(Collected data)
*-*-*

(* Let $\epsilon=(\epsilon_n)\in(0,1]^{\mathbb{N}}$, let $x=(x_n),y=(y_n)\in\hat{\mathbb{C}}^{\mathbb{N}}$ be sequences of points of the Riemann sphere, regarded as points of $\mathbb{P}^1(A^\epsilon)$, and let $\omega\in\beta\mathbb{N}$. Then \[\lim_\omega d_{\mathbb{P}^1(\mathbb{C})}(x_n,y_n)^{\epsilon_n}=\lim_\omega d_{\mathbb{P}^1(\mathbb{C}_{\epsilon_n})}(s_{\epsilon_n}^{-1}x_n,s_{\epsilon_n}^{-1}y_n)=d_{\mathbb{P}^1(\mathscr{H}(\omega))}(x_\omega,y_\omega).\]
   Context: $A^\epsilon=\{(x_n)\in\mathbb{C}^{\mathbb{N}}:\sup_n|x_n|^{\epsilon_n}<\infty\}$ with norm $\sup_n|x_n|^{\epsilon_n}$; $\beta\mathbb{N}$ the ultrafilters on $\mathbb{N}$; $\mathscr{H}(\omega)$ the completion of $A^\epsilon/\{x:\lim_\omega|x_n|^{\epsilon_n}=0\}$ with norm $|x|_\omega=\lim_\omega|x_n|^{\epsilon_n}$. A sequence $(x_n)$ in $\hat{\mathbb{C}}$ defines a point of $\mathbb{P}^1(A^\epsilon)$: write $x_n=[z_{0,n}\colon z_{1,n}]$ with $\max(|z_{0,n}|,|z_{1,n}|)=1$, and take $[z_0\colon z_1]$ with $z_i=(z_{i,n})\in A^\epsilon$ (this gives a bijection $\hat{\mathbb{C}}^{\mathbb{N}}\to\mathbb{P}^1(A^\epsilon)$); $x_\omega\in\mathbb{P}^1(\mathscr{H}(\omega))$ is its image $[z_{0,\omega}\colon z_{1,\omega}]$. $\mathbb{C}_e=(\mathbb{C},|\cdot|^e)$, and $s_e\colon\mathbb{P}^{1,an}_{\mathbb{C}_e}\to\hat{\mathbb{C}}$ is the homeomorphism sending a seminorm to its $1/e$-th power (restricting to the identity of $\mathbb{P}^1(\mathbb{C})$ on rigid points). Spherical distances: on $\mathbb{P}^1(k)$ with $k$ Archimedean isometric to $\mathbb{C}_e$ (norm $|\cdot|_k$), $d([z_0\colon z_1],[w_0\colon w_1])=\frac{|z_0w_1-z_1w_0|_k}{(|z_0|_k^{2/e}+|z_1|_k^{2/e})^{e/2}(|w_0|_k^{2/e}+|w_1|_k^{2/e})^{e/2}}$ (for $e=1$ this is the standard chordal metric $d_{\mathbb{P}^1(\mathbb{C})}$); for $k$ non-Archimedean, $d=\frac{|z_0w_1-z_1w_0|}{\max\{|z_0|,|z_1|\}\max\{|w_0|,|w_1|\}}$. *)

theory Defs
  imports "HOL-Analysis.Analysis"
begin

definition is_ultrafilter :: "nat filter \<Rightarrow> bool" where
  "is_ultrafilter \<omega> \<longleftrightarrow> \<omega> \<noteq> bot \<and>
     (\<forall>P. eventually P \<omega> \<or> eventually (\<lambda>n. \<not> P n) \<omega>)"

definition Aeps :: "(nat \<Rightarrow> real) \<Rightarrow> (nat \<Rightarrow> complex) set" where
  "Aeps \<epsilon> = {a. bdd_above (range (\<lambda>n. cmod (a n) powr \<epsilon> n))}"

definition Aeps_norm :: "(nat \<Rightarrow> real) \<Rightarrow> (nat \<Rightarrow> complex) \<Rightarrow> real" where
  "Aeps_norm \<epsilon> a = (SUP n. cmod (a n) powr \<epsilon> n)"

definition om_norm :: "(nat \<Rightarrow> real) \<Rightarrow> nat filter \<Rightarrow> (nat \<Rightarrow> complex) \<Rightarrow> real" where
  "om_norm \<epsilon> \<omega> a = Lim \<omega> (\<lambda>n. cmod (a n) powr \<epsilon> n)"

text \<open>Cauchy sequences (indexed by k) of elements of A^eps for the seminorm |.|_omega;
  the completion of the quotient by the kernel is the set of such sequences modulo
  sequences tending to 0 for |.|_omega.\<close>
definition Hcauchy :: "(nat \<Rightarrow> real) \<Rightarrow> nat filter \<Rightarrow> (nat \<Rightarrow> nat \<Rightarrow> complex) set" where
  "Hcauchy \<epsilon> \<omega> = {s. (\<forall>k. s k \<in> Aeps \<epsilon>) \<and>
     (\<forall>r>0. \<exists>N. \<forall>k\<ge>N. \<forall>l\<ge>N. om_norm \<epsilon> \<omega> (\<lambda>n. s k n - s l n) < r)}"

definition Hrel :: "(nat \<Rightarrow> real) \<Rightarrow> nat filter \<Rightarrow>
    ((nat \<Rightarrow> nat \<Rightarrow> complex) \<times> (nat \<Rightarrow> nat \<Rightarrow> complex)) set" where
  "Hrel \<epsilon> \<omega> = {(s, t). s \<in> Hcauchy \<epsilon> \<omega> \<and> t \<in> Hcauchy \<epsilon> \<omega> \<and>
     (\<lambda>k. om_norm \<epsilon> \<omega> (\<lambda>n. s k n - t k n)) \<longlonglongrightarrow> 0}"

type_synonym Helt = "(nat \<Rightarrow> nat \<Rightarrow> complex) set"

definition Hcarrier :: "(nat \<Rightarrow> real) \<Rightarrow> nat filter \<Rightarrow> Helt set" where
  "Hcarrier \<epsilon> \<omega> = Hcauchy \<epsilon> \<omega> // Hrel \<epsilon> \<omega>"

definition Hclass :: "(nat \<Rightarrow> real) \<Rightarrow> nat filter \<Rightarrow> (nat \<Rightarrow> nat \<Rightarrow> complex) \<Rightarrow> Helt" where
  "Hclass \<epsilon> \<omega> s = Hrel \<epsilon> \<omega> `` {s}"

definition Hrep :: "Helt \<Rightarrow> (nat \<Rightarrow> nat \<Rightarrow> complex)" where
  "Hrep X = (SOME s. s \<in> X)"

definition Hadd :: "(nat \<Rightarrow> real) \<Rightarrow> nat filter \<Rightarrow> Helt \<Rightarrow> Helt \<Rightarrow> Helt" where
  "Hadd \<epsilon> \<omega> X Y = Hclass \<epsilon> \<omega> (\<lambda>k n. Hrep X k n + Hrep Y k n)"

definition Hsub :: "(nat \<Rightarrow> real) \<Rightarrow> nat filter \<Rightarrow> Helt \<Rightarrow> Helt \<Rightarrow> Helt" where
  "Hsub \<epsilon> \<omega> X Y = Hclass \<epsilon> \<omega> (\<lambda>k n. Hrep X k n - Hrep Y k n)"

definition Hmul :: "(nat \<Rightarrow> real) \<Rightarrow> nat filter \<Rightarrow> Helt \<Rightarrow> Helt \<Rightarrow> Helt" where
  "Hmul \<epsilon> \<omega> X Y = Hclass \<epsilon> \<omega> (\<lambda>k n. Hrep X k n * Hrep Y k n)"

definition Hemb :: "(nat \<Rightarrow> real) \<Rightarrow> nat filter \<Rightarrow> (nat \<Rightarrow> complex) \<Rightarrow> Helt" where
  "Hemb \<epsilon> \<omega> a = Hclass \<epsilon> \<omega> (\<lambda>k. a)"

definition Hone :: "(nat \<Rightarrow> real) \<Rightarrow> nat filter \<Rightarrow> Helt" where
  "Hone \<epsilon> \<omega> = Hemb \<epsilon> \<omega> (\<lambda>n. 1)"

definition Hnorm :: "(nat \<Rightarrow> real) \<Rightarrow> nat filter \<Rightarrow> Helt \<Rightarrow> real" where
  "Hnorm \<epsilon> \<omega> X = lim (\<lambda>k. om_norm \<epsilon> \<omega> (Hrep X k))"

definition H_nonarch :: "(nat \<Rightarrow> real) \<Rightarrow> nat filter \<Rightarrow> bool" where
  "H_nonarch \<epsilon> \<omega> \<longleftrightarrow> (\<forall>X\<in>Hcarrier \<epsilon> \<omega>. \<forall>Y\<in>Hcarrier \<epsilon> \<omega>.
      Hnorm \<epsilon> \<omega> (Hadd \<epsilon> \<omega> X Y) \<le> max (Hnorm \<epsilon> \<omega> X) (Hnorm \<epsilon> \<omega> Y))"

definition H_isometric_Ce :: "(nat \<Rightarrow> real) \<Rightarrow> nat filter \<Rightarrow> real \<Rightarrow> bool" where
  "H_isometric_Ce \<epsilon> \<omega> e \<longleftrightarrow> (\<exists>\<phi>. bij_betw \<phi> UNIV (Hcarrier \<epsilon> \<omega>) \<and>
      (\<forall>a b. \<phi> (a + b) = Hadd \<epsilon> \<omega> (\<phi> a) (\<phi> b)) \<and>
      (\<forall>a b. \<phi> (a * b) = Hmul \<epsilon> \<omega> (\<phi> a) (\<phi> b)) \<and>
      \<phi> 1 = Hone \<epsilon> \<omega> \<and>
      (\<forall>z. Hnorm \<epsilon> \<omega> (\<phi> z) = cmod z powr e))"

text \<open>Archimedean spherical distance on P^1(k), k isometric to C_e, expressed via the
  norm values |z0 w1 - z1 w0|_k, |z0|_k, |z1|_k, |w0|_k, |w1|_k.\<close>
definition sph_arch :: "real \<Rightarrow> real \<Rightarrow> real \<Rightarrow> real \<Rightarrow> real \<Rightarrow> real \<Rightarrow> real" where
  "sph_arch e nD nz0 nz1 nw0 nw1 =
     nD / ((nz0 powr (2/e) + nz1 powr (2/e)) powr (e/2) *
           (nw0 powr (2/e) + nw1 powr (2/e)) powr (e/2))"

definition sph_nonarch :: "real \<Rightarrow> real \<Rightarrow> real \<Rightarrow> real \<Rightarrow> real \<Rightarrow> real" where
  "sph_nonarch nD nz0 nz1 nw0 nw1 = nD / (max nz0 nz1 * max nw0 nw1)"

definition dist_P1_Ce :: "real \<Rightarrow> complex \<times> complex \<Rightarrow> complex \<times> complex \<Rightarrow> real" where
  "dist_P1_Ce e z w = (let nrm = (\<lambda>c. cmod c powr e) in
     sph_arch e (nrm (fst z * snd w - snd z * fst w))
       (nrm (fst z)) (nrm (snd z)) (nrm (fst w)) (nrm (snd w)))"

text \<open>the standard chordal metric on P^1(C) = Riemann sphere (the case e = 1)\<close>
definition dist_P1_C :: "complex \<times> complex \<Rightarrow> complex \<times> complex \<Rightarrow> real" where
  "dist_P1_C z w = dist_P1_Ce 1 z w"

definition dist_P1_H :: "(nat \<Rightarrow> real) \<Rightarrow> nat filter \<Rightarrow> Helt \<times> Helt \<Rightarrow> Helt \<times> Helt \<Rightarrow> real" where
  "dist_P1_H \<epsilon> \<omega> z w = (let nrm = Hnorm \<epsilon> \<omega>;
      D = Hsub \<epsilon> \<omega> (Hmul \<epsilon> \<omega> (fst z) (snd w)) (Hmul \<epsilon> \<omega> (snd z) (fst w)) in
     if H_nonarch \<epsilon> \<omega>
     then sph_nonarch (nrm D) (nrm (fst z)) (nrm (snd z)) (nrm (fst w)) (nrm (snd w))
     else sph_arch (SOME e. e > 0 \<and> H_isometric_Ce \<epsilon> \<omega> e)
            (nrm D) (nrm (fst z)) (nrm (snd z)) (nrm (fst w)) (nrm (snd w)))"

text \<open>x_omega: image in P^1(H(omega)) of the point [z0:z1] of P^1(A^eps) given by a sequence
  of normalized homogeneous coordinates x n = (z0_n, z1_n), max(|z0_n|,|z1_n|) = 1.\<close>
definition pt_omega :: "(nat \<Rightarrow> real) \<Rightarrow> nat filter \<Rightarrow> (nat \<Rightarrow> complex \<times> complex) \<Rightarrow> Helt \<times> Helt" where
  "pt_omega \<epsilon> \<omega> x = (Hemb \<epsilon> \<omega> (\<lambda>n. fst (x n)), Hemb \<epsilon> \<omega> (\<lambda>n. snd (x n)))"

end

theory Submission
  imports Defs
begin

*-*-*

DIRECTIONS –
If a line in the data above holds the string "forall", copy it.

EXERCISE ANSWER –
     (\<forall>P. eventually P \<omega> \<or> eventually (\<lambda>n. \<not> P n) \<omega>)"
  "Hcauchy \<epsilon> \<omega> = {s. (\<forall>k. s k \<in> Aeps \<epsilon>) \<and>
     (\<forall>r>0. \<exists>N. \<forall>k\<ge>N. \<forall>l\<ge>N. om_norm \<epsilon> \<omega> (\<lambda>n. s k n - s l n) < r)}"
  "H_nonarch \<epsilon> \<omega> \<longleftrightarrow> (\<forall>X\<in>Hcarrier \<epsilon> \<omega>. \<forall>Y\<in>Hcarrier \<epsilon> \<omega>.
      (\<forall>a b. \<phi> (a + b) = Hadd \<epsilon> \<omega> (\<phi> a) (\<phi> b)) \<and>
      (\<forall>a b. \<phi> (a * b) = Hmul \<epsilon> \<omega> (\<phi> a) (\<phi> b)) \<and>
      (\<forall>z. Hnorm \<epsilon> \<omega> (\<phi> z) = cmod z powr e))"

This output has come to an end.